+++ RECORDS FOR THIS TASK +++

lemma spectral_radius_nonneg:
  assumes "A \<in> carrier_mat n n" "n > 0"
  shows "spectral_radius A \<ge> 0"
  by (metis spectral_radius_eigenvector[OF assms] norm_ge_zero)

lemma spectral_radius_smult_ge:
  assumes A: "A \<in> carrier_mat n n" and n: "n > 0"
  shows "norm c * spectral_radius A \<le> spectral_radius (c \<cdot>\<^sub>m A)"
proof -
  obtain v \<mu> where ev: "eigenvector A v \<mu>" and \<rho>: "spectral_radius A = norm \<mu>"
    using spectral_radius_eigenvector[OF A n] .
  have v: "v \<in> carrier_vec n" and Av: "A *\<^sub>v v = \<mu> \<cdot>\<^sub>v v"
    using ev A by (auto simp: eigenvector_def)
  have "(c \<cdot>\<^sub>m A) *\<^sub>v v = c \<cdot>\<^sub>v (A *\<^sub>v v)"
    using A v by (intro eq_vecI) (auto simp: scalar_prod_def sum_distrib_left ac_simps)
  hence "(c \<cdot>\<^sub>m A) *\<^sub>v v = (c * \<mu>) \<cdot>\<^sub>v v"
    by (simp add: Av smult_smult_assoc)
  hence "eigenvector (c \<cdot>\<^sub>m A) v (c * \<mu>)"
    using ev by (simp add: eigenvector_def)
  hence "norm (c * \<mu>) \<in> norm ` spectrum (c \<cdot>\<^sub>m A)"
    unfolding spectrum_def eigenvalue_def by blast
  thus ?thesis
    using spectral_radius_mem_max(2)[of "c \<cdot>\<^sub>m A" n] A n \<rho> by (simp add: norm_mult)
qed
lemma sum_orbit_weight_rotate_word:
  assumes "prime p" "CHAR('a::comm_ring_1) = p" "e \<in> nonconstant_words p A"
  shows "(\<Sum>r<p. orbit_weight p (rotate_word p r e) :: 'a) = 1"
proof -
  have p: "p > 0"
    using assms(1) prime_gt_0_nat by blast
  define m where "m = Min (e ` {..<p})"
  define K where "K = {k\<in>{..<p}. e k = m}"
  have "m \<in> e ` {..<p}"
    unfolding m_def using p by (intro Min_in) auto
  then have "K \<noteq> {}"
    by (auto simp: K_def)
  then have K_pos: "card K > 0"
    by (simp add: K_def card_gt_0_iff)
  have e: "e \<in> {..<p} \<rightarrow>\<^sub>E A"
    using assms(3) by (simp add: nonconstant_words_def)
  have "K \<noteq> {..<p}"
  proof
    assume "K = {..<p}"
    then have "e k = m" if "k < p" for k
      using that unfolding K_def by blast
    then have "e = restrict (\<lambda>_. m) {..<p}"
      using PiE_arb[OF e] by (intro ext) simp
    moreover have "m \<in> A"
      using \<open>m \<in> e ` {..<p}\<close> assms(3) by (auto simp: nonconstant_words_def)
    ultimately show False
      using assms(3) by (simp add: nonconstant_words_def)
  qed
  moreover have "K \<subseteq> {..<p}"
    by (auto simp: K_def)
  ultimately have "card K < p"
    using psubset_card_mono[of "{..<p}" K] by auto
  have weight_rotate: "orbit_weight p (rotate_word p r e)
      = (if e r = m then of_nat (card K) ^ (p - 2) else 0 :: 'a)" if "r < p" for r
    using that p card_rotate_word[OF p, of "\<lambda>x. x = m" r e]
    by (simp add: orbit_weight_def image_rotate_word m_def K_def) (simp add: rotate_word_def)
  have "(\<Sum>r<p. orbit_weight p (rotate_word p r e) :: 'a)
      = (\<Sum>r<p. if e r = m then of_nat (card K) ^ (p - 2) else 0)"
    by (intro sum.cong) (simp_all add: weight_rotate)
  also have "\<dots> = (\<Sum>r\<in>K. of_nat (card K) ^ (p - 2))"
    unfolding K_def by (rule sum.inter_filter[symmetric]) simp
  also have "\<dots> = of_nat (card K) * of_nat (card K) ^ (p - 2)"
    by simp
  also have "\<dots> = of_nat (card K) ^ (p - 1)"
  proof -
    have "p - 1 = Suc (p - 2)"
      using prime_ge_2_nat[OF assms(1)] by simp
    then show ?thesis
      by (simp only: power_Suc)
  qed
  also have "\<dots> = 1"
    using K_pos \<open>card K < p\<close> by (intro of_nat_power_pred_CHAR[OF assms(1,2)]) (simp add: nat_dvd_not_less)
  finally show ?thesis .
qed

+++

• **WHAT TO DO**:
Output the data above in full and exactly.

• **TASK OUTPUT**:
lemma spectral_radius_nonneg:
  assumes "A \<in> carrier_mat n n" "n > 0"
  shows "spectral_radius A \<ge> 0"
  by (metis spectral_radius_eigenvector[OF assms] norm_ge_zero)

lemma spectral_radius_smult_ge:
  assumes A: "A \<in> carrier_mat n n" and n: "n > 0"
  shows "norm c * spectral_radius A \<le> spectral_radius (c \<cdot>\<^sub>m A)"
proof -
  obtain v \<mu> where ev: "eigenvector A v \<mu>" and \<rho>: "spectral_radius A = norm \<mu>"
    using spectral_radius_eigenvector[OF A n] .
  have v: "v \<in> carrier_vec n" and Av: "A *\<^sub>v v = \<mu> \<cdot>\<^sub>v v"
    using ev A by (auto simp: eigenvector_def)
  have "(c \<cdot>\<^sub>m A) *\<^sub>v v = c \<cdot>\<^sub>v (A *\<^sub>v v)"
    using A v by (intro eq_vecI) (auto simp: scalar_prod_def sum_distrib_left ac_simps)
  hence "(c \<cdot>\<^sub>m A) *\<^sub>v v = (c * \<mu>) \<cdot>\<^sub>v v"
    by (simp add: Av smult_smult_assoc)
  hence "eigenvector (c \<cdot>\<^sub>m A) v (c * \<mu>)"
    using ev by (simp add: eigenvector_def)
  hence "norm (c * \<mu>) \<in> norm ` spectrum (c \<cdot>\<^sub>m A)"
    unfolding spectrum_def eigenvalue_def by blast
  thus ?thesis
    using spectral_radius_mem_max(2)[of "c \<cdot>\<^sub>m A" n] A n \<rho> by (simp add: norm_mult)
qed
lemma sum_orbit_weight_rotate_word:
  assumes "prime p" "CHAR('a::comm_ring_1) = p" "e \<in> nonconstant_words p A"
  shows "(\<Sum>r<p. orbit_weight p (rotate_word p r e) :: 'a) = 1"
proof -
  have p: "p > 0"
    using assms(1) prime_gt_0_nat by blast
  define m where "m = Min (e ` {..<p})"
  define K where "K = {k\<in>{..<p}. e k = m}"
  have "m \<in> e ` {..<p}"
    unfolding m_def using p by (intro Min_in) auto
  then have "K \<noteq> {}"
    by (auto simp: K_def)
  then have K_pos: "card K > 0"
    by (simp add: K_def card_gt_0_iff)
  have e: "e \<in> {..<p} \<rightarrow>\<^sub>E A"
    using assms(3) by (simp add: nonconstant_words_def)
  have "K \<noteq> {..<p}"
  proof
    assume "K = {..<p}"
    then have "e k = m" if "k < p" for k
      using that unfolding K_def by blast
    then have "e = restrict (\<lambda>_. m) {..<p}"
      using PiE_arb[OF e] by (intro ext) simp
    moreover have "m \<in> A"
      using \<open>m \<in> e ` {..<p}\<close> assms(3) by (auto simp: nonconstant_words_def)
    ultimately show False
      using assms(3) by (simp add: nonconstant_words_def)
  qed
  moreover have "K \<subseteq> {..<p}"
    by (auto simp: K_def)
  ultimately have "card K < p"
    using psubset_card_mono[of "{..<p}" K] by auto
  have weight_rotate: "orbit_weight p (rotate_word p r e)
      = (if e r = m then of_nat (card K) ^ (p - 2) else 0 :: 'a)" if "r < p" for r
    using that p card_rotate_word[OF p, of "\<lambda>x. x = m" r e]
    by (simp add: orbit_weight_def image_rotate_word m_def K_def) (simp add: rotate_word_def)
  have "(\<Sum>r<p. orbit_weight p (rotate_word p r e) :: 'a)
      = (\<Sum>r<p. if e r = m then of_nat (card K) ^ (p - 2) else 0)"
    by (intro sum.cong) (simp_all add: weight_rotate)
  also have "\<dots> = (\<Sum>r\<in>K. of_nat (card K) ^ (p - 2))"
    unfolding K_def by (rule sum.inter_filter[symmetric]) simp
  also have "\<dots> = of_nat (card K) * of_nat (card K) ^ (p - 2)"
    by simp
  also have "\<dots> = of_nat (card K) ^ (p - 1)"
  proof -
    have "p - 1 = Suc (p - 2)"
      using prime_ge_2_nat[OF assms(1)] by simp
    then show ?thesis
      by (simp only: power_Suc)
  qed
  also have "\<dots> = 1"
    using K_pos \<open>card K < p\<close> by (intro of_nat_power_pred_CHAR[OF assms(1,2)]) (simp add: nat_dvd_not_less)
  finally show ?thesis .
qed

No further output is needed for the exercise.